Extrait d'une racine d'une variété d'hortensia qui pousse au Népal et au Tibet, le Chang Shan, dont le principe actif est la fébrifugine, a été étudié par ces scientifiques américains.

Leurs travaux ont montré comment l'halofuginone, le dérivé synthétique de la fébrifugine, intervient dans le processus biologique crucial qui permet à l'organisme de synthétiser les protéines dont il a besoin. Il empêche notamment la production de mauvaises cellules Th17 qui jouent un rôle dans les maladies auto-immunes tout en maintenant la production des bonnes cellules Th17, qui protègent contre l'infection.

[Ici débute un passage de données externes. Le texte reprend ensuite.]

lemma signed_permsD:
  assumes "\<pi> \<in> signed_perms m"
  shows "bij_betw \<pi> ({-int m..int m} - {0}) ({-int m..int m} - {0})"
    and "i \<in> {-int m..int m} - {0} \<Longrightarrow> \<pi> (-i) = - \<pi> i"
    and "i \<notin> {-int m..int m} - {0} \<Longrightarrow> \<pi> i = i"
  using assms unfolding signed_perms_def by auto

lemma window_in_signed_windows:
  assumes \<pi>: "\<pi> \<in> signed_perms m"
  shows "window m \<pi> \<in> signed_windows m"
proof -
  let ?M = "{-int m..int m} - {0}"
  note bij = signed_permsD(1)[OF \<pi>]
  have abs_window: "map abs (window m \<pi>) = map (\<lambda>i. \<bar>\<pi> (int i)\<bar>) [1..<Suc m]"
    unfolding window_def by simp
  have range: "\<bar>\<pi> (int i)\<bar> \<in> {1..int m}" if "i \<in> {1..m}" for i
  proof -
    have "\<pi> (int i) \<in> ?M"
      using bij that by (auto dest: bij_betwE)
    then show ?thesis
      by auto
  qed
  have "inj_on (\<lambda>i. \<bar>\<pi> (int i)\<bar>) {1..m}"
  proof (rule inj_onI)
    fix a b assume a: "a \<in> {1..m}" and b: "b \<in> {1..m}" and eq: "\<bar>\<pi> (int a)\<bar> = \<bar>\<pi> (int b)\<bar>"
    then have "\<pi> (int a) = \<pi> (int b) \<or> \<pi> (int a) = \<pi> (- int b)"
      using signed_permsD(2)[OF \<pi>, of "int b"] by (auto simp: abs_eq_iff)
    then have "int a = int b \<or> int a = - int b"
      using bij_betw_imp_inj_on[OF bij] a b by (auto dest: inj_onD)
    then show "a = b"
      using a b by auto
  qed
  then have dist: "distinct (map abs (window m \<pi>))"
    unfolding abs_window by (simp add: distinct_map atLeastLessThanSuc_atLeastAtMost del: upt_Suc)
  have "set (map abs (window m \<pi>)) \<subseteq> {1..int m}"
    unfolding abs_window using range by (auto simp del: upt_Suc)
  moreover have "card (set (map abs (window m \<pi>))) = card {1..int m}"
    using distinct_card[OF dist] by simp
  ultimately have "set (map abs (window m \<pi>)) = {1..int m}"
    by (simp add: card_subset_eq)
  with dist show ?thesis
    unfolding signed_windows_def by simp
qed

lemma inj_on_perm_of_window:
  assumes xs: "xs \<in> signed_windows m"
  shows "inj_on (perm_of_window m xs) ({-int m..int m} - {0})"
proof (rule inj_onI)
  let ?M = "{-int m..int m} - {0}" and ?f = "perm_of_window m xs"
  fix i j assume i: "i \<in> ?M" and j: "j \<in> ?M" and eq: "?f i = ?f j"
  have len: "length xs = m" and dist: "distinct (map abs xs)"
    using xs unfolding signed_windows_def by auto
  have idx: "nat \<bar>i\<bar> - 1 < m" "nat \<bar>j\<bar> - 1 < m"
    using i j by auto
  have abs_f: "\<bar>?f l\<bar> = \<bar>xs ! (nat \<bar>l\<bar> - 1)\<bar>" if "l \<in> ?M" for l
    using that unfolding perm_of_window_def by (auto simp: abs_mult abs_sgn_eq)
  have "map abs xs ! (nat \<bar>i\<bar> - 1) = map abs xs ! (nat \<bar>j\<bar> - 1)"
    using eq abs_f[OF i] abs_f[OF j] idx len by simp
  then have "nat (\<bar>i\<bar>) - 1 = nat (\<bar>j\<bar>) - 1"
    using nth_eq_iff_index_eq[OF dist] idx len by simp
  moreover have "i \<noteq> 0" and "j \<noteq> 0"
    using i j by auto
  ultimately have "\<bar>i\<bar> = \<bar>j\<bar>"
    by arith
  moreover have "sgn i = sgn j"
  proof -
    have "sgn i * xs ! (nat \<bar>i\<bar> - 1) = sgn j * xs ! (nat \<bar>i\<bar> - 1)"
      using eq i j \<open>\<bar>i\<bar> = \<bar>j\<bar>\<close> unfolding perm_of_window_def by simp
    moreover have "xs ! (nat \<bar>i\<bar> - 1) \<noteq> 0"
      using signed_windows_abs[OF xs nth_mem] idx len by fastforce
    ultimately show ?thesis
      by simp
  qed
  ultimately show "i = j"
    by (metis sgn_mult_abs)
qed

lemma perm_of_window_in_signed_perms:
  assumes xs: "xs \<in> signed_windows m"
  shows "perm_of_window m xs \<in> signed_perms m"
proof -
  let ?M = "{-int m..int m} - {0}" and ?f = "perm_of_window m xs"
  have into: "?f ` ?M \<subseteq> ?M"
  proof
    fix y assume "y \<in> ?f ` ?M"
    then obtain i where i: "i \<in> ?M" and y: "y = ?f i"
      by blast
    then have "nat \<bar>i\<bar> - 1 < length xs"
      using signed_windows_length[OF xs] by auto
    then have "1 \<le> \<bar>xs ! (nat \<bar>i\<bar> - 1)\<bar> \<and> \<bar>xs ! (nat \<bar>i\<bar> - 1)\<bar> \<le> int m"
      using signed_windows_abs[OF xs nth_mem] by blast
    moreover have "\<bar>y\<bar> = \<bar>xs ! (nat \<bar>i\<bar> - 1)\<bar>"
      using i unfolding y perm_of_window_def by (auto simp: abs_mult abs_sgn_eq)
    ultimately have "1 \<le> \<bar>y\<bar>" and "\<bar>y\<bar> \<le> int m"
      by simp_all
    then show "y \<in> ?M"
      by (auto simp: abs_le_iff)
  qed
  then have "bij_betw ?f ?M ?M"
    using inj_on_perm_of_window[OF xs] by (simp add: bij_betw_def endo_inj_surj)
  moreover have "?f (-i) = - ?f i" if "i \<in> ?M" for i
    using that unfolding perm_of_window_def by auto
  moreover have "?f i = i" if "i \<notin> ?M" for i
    using that unfolding perm_of_window_def by auto
  ultimately show ?thesis
    unfolding signed_perms_def by blast
qed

Le Chang Shan, ou Dichroa febrifuga selon son nom scientifique, est l'une des 50 plantes fondamentales qui composent la pharmacopée traditionnelle chinoise. © Keith Edkins, Wikipédia, cc by sa 3.0
Le Chang Shan, ou Dichroa febrifuga selon son nom scientifique, est l'une des 50 plantes fondamentales qui composent la pharmacopée traditionnelle chinoise. © Keith Edkins, Wikipédia, cc by sa 3.0

Halofuginone, la molécule miraculeuse

« Nos travaux ont résolu un mystère qui intriguait les gens concernant le mécanisme d'action d'un médicament utilisé pour traiter les fièvres associées au paludisme remontrant à environ 2.000 ans ou plus », relève Paul Schimmel, l'un des auteurs de l'article.

Selon ces derniers, la capacité du Chang Shan (également connu sous le nom de Dichroa febrifuga) à combattre les fièvres pourrait s'expliquer par une interférence entre la fébrifugine et le processus moléculaire qui permet aux parasites du paludisme de se maintenir dans le sang d'une personne contaminée.

L'halofuginone avait déjà été étudiée en 2009 par des chercheurs qui avaient découvert sa capacité à prévenir certaines réponses immunitaires, mais son mécanisme d'action restait inconnu. Elle a également été utilisée dans des essais cliniques pour des médicaments contre le cancer. Les chercheurs estiment que les propriétés de l'halofuginone pourraient être utilisées à l'avenir pour créer de nouveaux traitements pour de nombreuses autres maladies.